PyEnsembl also allows arbitrary genomes via the specification
of local file paths or remote URLs to both Ensembl and non-Ensembl GTF
and FASTA files. (Warning: GTF formats can vary, and handling of
non-Ensembl data is still very much in development.)

For example:

```
data = Genome
reference_name='GRCh38',
annotation_name='my_genome_features',
gtf_path_or_url='/My/local/gtf/path_to_my_genome_features.gtf'))
# parse GTF and construct database of genomic features
data.index()
gene_names = data.gene_names_at_locus(contig=6, position=29945884)
```

# API

The `EnsemblRelease` object has methods to let you access all possible
combinations of the annotation features *gene\_name*, *gene\_id*,
*transcript\_name*, *transcript\_id*, *exon\_id* as well as the location of
these genomic elements (contig, start position, end position, strand).

## Genes

`genes(contig=None, strand=None)`
: returns list of Gene objects, optionally restricted to a particular contig
or strand.

`genes_at_locus(contig, position, end=None, strand=None)`
: returns list of Gene objects overlapping a particular position on a contig,
optionally extend into a range with the `end` parameter and restrict to
forward or backward strand by passing `strand='+'` or `strand='-'`.

`gene_by_id(gene_id)`
: return Gene object for given Ensembl gene ID (e.g. "ENSG00000068793")

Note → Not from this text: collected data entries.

lemma prediction_drift:
  assumes X: "\<forall>j<m. \<forall>t\<in>{0..B}. \<bar>x j t\<bar> \<le> X" and i: "i < m" and k: "enat (Suc k) < K i"
    and s: "tt i k \<le> s" "s \<le> tt i (Suc k)" and v: "s \<le> v" "v \<le> B"
  shows "\<bar>q i (tt i k) - qpred m w x K tt i (tt i k) s v\<bar> \<le> \<Lambda> * (\<Lambda> * X) * (v - tt i k)"
proof -
  define tk where "tk = tt i k"
  have k': "enat k < K i" using enat_le_less_trans[OF _ k] by simp
  have tk0: "tk \<ge> 0" using trigger_nonneg[OF i k'] by (simp add: tk_def)
  have s0: "s \<ge> 0" using tk0 s by (simp add: tk_def)
  have own: "x i s = x i tk + (s - tk) * q i tk"
  proof (rule state_affine_while_last_trig_const[OF i tk0, of s s])
    show "tk \<le> s" "s \<in> {tk..s}" using s by (simp_all add: tk_def)
    fix u assume "u \<in> {tk..<s}"
    then show "lt i u = tk"
      using last_trig_before_next[OF i k', of u] s k by (auto simp: tk_def next_trig_def)
  qed
  have qs: "qpred m w x K tt i tk s s = q i s"
    using own state_affine_since_last_trig[OF _ s0, of _ s] last_trig_le[OF _ s0]
    by (intro qpred_eq_ctrl[OF i]) auto
  have "\<bar>q i s - q i tk\<bar> \<le> \<Lambda> * (\<Lambda> * X * (s - tk))"
    using state_lipschitz[OF X _ tk0] s v by (intro ctrl_diff_bound[OF i]) (auto simp: tk_def)
  moreover have "\<bar>q i s - qpred m w x K tt i tk s v\<bar> \<le> (v - s) * (\<Lambda> * (\<Lambda> * X))"
  proof -
    have "\<bar>\<Sum>j<m. lap m w i j * (if j = i then q i tk else q j (lt j s))\<bar> \<le> \<Lambda> * (\<Lambda> * X)"
    proof (rule lap_row_sum_bound[OF i])
      fix j assume j: "j < m"
      have "\<bar>q l r\<bar> \<le> \<Lambda> * X" if "l < m" "0 \<le> r" "r \<le> B" for l r
        using X that by (intro ctrl_bound) auto
      then show "\<bar>if j = i then q i tk else q j (lt j s)\<bar> \<le> \<Lambda> * X"
        using i j tk0 s v last_trig_nonneg[OF j s0] last_trig_le[OF j s0] by (auto simp: tk_def)
    qed
    then show ?thesis
      using qpred_affine[OF i, of w x K tt tk s v] qs v by (simp add: abs_mult mult_left_mono)
  qed
  ultimately have "\<bar>q i tk - qpred m w x K tt i tk s v\<bar> \<le> \<Lambda> * (\<Lambda> * X) * ((s - tk) + (v - s))"
    by (simp add: algebra_simps abs_minus_commute)
  then show ?thesis by (simp add: tk_def)
qed

text \<open>Right after a trigger the prediction is violated, although the true control has
  drifted only by the Lipschitz rate: consecutive triggers are separated uniformly on
  bounded time intervals.\<close>

lemma inter_trigger_gap:
  assumes X: "\<forall>j<m. \<forall>t\<in>{0..B + 1}. \<bar>x j t\<bar> \<le> X" and i: "i < m" and k: "enat (Suc k) < K i"
    and t1B: "tt i (Suc k) \<le> B"
  shows "exp (- \<beta> * (B + 1)) \<le> \<Lambda> * (\<Lambda> * X) * (tt i (Suc k) - tt i k)"
proof (rule field_le_epsilon)
  fix e :: real assume e: "e > 0"
  define L where "L = \<Lambda> * (\<Lambda> * X)"
  define s where "s = restart m w K tt i (tt i k) (tt i (Suc k))"
  have gap: "tt i k < tt i (Suc k)" using trigger_less_next[OF i k] .
  have t1: "0 \<le> tt i (Suc k)" using trigger_nonneg[OF i k] .
  have s: "tt i k \<le> s" "s \<le> tt i (Suc k)" unfolding s_def using restart_between gap by auto
  have L0: "L \<ge> 0"
    using X i t1 t1B lap_norm_nonneg by (force simp: L_def intro!: mult_nonneg_nonneg)
  define \<gamma> where "\<gamma> = min 1 (e / (L + 1))"
  have \<gamma>: "0 < \<gamma>" "\<gamma> \<le> 1" "L * \<gamma> \<le> e"
    using e L0 by (auto simp: \<gamma>_def min_def field_simps mult_left_le)
  obtain v where v: "tt i (Suc k) \<le> v" "v \<le> tt i (Suc k) + \<gamma>"
    and fails: "\<not> \<bar>q i (tt i k) - qpred m w x K tt i (tt i k) s v\<bar> \<le> exp (- \<beta> * v)"
    using horizon_eq_imp_fails_soon[OF _ s(2) \<gamma>(1)] prediction_expires_at_trigger[OF i k]
    by (auto simp: tau_pred_eq_horizon s_def)
  have "exp (- \<beta> * (B + 1)) \<le> exp (- \<beta> * v)" using v t1B \<gamma> decay_pos by simp
  also have "\<dots> \<le> L * (v - tt i k)"
    using fails prediction_drift[OF X i k s order_trans[OF s(2) v(1)]] v t1B \<gamma>
    by (simp add: L_def)
  also have "\<dots> \<le> L * (tt i (Suc k) - tt i k) + L * \<gamma>"
    using mult_left_mono[OF v(2) L0] by (simp add: algebra_simps)
  finally show "exp (- \<beta> * (B + 1)) \<le> \<Lambda> * (\<Lambda> * X) * (tt i (Suc k) - tt i k) + e"
    using \<gamma>(3) by (simp add: L_def)
qed

lemma finitely_many_triggers: "i < m \<Longrightarrow> finite {k. enat k < K i \<and> tt i k \<le> B}"
proof -
  assume i: "i < m"
  define B' where "B' = max B 0"
  obtain X where X: "\<forall>j<m. \<forall>t\<in>{0..B' + 1}. \<bar>x j t\<bar> \<le> X" using state_bounded by blast
  have "0 \<le> X" using X i by (force simp: B'_def)
  define \<delta> where "\<delta> = exp (- \<beta> * (B' + 1)) / (\<Lambda> * (\<Lambda> * X) + 1)"
  have \<delta>: "\<delta> > 0" using \<open>0 \<le> X\<close> lap_norm_nonneg by (simp add: \<delta>_def add_nonneg_pos)
  have step: "\<delta> \<le> tt i (Suc k) - tt i k" if "enat (Suc k) < K i" "tt i (Suc k) \<le> B'" for k
  proof -
    have "exp (- \<beta> * (B' + 1)) \<le> (\<Lambda> * (\<Lambda> * X) + 1) * (tt i (Suc k) - tt i k)"
      using inter_trigger_gap[OF X i that] trigger_less_next[OF i that(1)] by (simp add: algebra_simps)
    then show ?thesis using \<open>0 \<le> X\<close> lap_norm_nonneg
      by (simp add: \<delta>_def divide_le_eq mult.commute add_nonneg_pos)
  qed
  have linear: "real k * \<delta> \<le> tt i k" if "enat k < K i" "tt i k \<le> B'" for k
    using that
  proof (induction k)
    case (Suc k)
    have k: "enat k < K i" using enat_le_less_trans[OF _ Suc.prems(1)] by simp
    then have "real k * \<delta> \<le> tt i k" using Suc trigger_less_next[OF i Suc.prems(1)] by simp
    then show ?case using step[OF Suc.prems] by (simp add: algebra_simps)
  qed (simp add: first_trigger[OF i])
  have "{k. enat k < K i \<and> tt i k \<le> B} \<subseteq> {..nat \<lceil>B' / \<delta>\<rceil>}"
  proof
    fix k assume "k \<in> {k. enat k < K i \<and> tt i k \<le> B}"
    then have "real k * \<delta> \<le> B'" using linear[of k] by (force simp: B'_def)
    then have "real k \<le> B' / \<delta>" using \<delta> by (simp add: le_divide_eq)
    then show "k \<in> {..nat \<lceil>B' / \<delta>\<rceil>}" by (simp add: nat_le_iff ceiling_le_iff) linarith
  qed
  then show ?thesis by (rule finite_subset) simp
qed

lemma last_trig_attained:
  assumes i: "i < m" and t: "t \<ge> 0"
  obtains k where "enat k < K i" "tt i k = lt i t" "ereal t < next_trig K tt i k"
proof -
  let ?past = "{tt i k | k. enat k < K i \<and> tt i k \<le> t}"
  have "?past = tt i ` {k. enat k < K i \<and> tt i k \<le> t}" by auto
  then have fin: "finite ?past" using finitely_many_triggers[OF i, of t] by simp
  have "lt i t = Max ?past"
    unfolding last_trig_def using fin past_triggers_nonempty[OF i t] by (rule cSup_eq_Max)
  moreover have "Max ?past \<in> ?past" using fin past_triggers_nonempty[OF i t] by (rule Max_in)
  ultimately have "lt i t \<in> ?past" by simp
  then obtain k where k: "enat k < K i" "tt i k \<le> t" "tt i k = lt i t" by auto
  have "t < tt i (Suc k)" if "enat (Suc k) < K i"
    using trigger_le_last_trig[OF i that, of t] trigger_less_next[OF i that] k by force
  then have "ereal t < next_trig K tt i k" by (simp add: next_trig_def)
  then show thesis using k that by blast
qed

text \<open>Between the restart s and u no in-neighbour triggers, by the choice of s as the
  latest in-neighbour trigger before u.\<close>

lemma in_neighbour_last_trig_stable:
  assumes j: "j < m" "w i j > 0" and tk: "tk < t"
    and s: "s = restart m w K tt i tk t" and u: "s \<le> u" "u < t"
  shows "lt j u = lt j s"
proof (rule last_trig_cong)
  fix l assume l: "enat l < K j"
  have "tt j l \<le> s" if "tt j l \<le> u"
  proof (cases "tt j l \<le> tk")
    case True then show ?thesis using restart_between(1)[of tk t m w K tt i] tk s by simp
  next
    case False then show ?thesis
      using in_neighbour_trigger_le_restart[of j m w i l K tk tt t, OF j l] that u s by simp
  qed
  then show "tt j l \<le> s \<longleftrightarrow> tt j l \<le> u" using u by auto
qed

lemma prediction_exact:
  assumes i: "i < m" and k: "enat k < K i" and tk: "tt i k = lt i t" "tt i k < t"
  shows "qpred m w x K tt i (tt i k) (restart m w K tt i (tt i k) t) t = q i t"
proof -
  define s where "s = restart m w K tt i (tt i k) t"
  have tk0: "0 \<le> tt i k" using trigger_nonneg[OF i k] .
  have s: "tt i k \<le> s" "s \<le> t"
    using restart_between[of "tt i k" t m w K tt i] tk(2) unfolding s_def by auto
  have t0: "0 \<le> t" using tk0 tk(2) by simp
  show ?thesis unfolding s_def[symmetric]
  proof (rule qpred_eq_ctrl[OF i])
    have "x i t = x i (lt i t) + (t - lt i t) * q i (lt i t)"
      using state_affine_since_last_trig[OF i t0, of t] last_trig_le[OF i t0] by simp
    then show "x i (tt i k) + (t - tt i k) * q i (tt i k) = x i t" unfolding tk(1) by simp
    fix j assume j: "j < m" "j \<noteq> i" "w i j > 0"
    have s0: "0 \<le> s" using tk0 s by simp
    have a: "0 \<le> lt j s" "lt j s \<le> t"
      using last_trig_nonneg[OF j(1) s0] last_trig_le[OF j(1) s0] s by auto
    have stable: "lt j u = lt j s" if "u \<in> {lt j s..<t}" for u
    proof (cases "u \<le> s")
      case True then show ?thesis using last_trig_const[OF j(1), of s u] that by simp
    next
      case False then show ?thesis
        using that by (intro in_neighbour_last_trig_stable[OF j(1,3) tk(2) s_def]) auto
    qed
    have "x j t = x j (lt j s) + (t - lt j s) * q j (lt j s)"
      by (rule state_affine_while_last_trig_const[OF j(1) a stable]) (use a in auto)
    then show "x j (lt j s) + (t - lt j s) * q j (lt j s) = x j t" by simp
  qed
qed

lemma ctrl_error_bound:
  assumes i: "i < m" and t: "t \<ge> 0"
  shows "\<bar>q i (lt i t) - q i t\<bar> \<le> exp (- \<beta> * t)"
proof -
  obtain k where k: "enat k < K i" "tt i k = lt i t" "ereal t < next_trig K tt i k"
    using last_trig_attained[OF i t] .
  show ?thesis
  proof (cases "tt i k = t")
    case False
    then have tkt: "tt i k < t" using k(2) last_trig_le[OF i t] by simp
    define s where "s = restart m w K tt i (tt i k) t"
    have valid: "ereal t < horizon (\<lambda>u. \<bar>q i (tt i k) - qpred m w x K tt i (tt i k) s u\<bar>
        \<le> exp (- \<beta> * u)) s"
      using prediction_valid[OF i k(1) tkt k(3)] by (simp add: s_def tau_pred_eq_horizon)
    have "s \<le> t" using restart_between(2)[of "tt i k" t m w K tt i] tkt by (simp add: s_def)
    from less_horizon_imp[OF valid this]
    have "\<bar>q i (tt i k) - qpred m w x K tt i (tt i k) s t\<bar> \<le> exp (- \<beta> * t)" .
    then show ?thesis using prediction_exact[OF i k(1,2) tkt] k(2) by (simp add: s_def)
  qed (use k in simp)
qed

lemma state_perturbed_solution: "perturbed_solution x"
  unfolding perturbed_solution_def
proof (intro allI impI conjI)
  fix i assume i: "i < m"
  show "continuous_on {0..} (x i)" using state_continuous[OF i] .
  fix t :: real assume t: "0 \<le> t"
  show "\<exists>e. \<bar>e\<bar> \<le> exp (- \<beta> * t) \<and>
      (x i has_real_derivative (\<Sum>j<m. w i j * (x j t - x i t)) + e) (at_right t)"
    using state_right_deriv[OF i t] ctrl_error_bound[OF i t] ctrl_eq_weighted_disagreement[OF i, of w x t]
    by (intro exI[of _ "q i (lt i t) - q i t"]) auto
qed

end

theorem theorem4:
  fixes m :: nat and w :: "nat \<Rightarrow> nat \<Rightarrow> real" and \<beta> :: real
    and x :: "nat \<Rightarrow> real \<Rightarrow> real" and K :: "nat \<Rightarrow> enat" and tt :: "nat \<Rightarrow> nat \<Rightarrow> real"
  assumes "\<And>i j. w i j \<ge> 0" and "\<And>i. w i i = 0"
    and "has_spanning_tree m w"
    and "\<beta> > 0"
    and "system_S m w x K tt"
    and "self_triggered \<beta> m w x K tt"
  shows "(\<exists>C \<epsilon>. C > 0 \<and> \<epsilon> > 0 \<and>
            (\<forall>i<m. \<forall>j<m. \<forall>t\<ge>0. \<bar>x i t - x j t\<bar> \<le> C * exp (- \<epsilon> * t)))
       \<and> (\<forall>i<m. \<forall>B::real. finite {k. enat k < K i \<and> tt i k \<le> B})"
proof -
  interpret self_triggered_system m w \<beta> x K tt
    using assms(1,4,5,6) by unfold_locales
  show ?thesis
    using spanning_tree_exponential_consensus[OF assms(3) state_perturbed_solution]
      finitely_many_triggers by blast
qed

end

`gene_names(contig=None, strand=None)`
: returns all gene names in the annotation database, optionally restricted
to a particular contig or strand.

`genes_by_name(gene_name)`
: get all the unqiue genes with the given name (there might be multiple
due to copies in the genome), return a list containing a Gene object for each
distinct ID.

`gene_by_protein_id(protein_id)`
: find Gene associated with the given Ensembl protein ID (e.g. "ENSP00000350283")

`gene_names_at_locus(contig, position, end=None, strand=None)`
: names of genes overlapping with the given locus
(returns a list to account for overlapping genes)

`gene_name_of_gene_id(gene_id)`
: name of gene with given ID

`gene_name_of_transcript_id(transcript_id)`
: name of gene associated with given transcript ID

`gene_name_of_transcript_name(transcript_name)`
: name of gene associated with given transcript name

`gene_name_of_exon_id(exon_id)`
: name of gene associated with given exon ID

`gene_ids(contig=None, strand=None)`
: all gene IDs in the annotation database

`gene_ids_of_gene_name(gene_name)`
: all Ensembl gene IDs with the given name


## Transcripts

`transcripts(contig=None, strand=None)`
: returns list of Transcript objects for all transcript entries in the
Ensembl database, optionally restricted to a particular contig or strand.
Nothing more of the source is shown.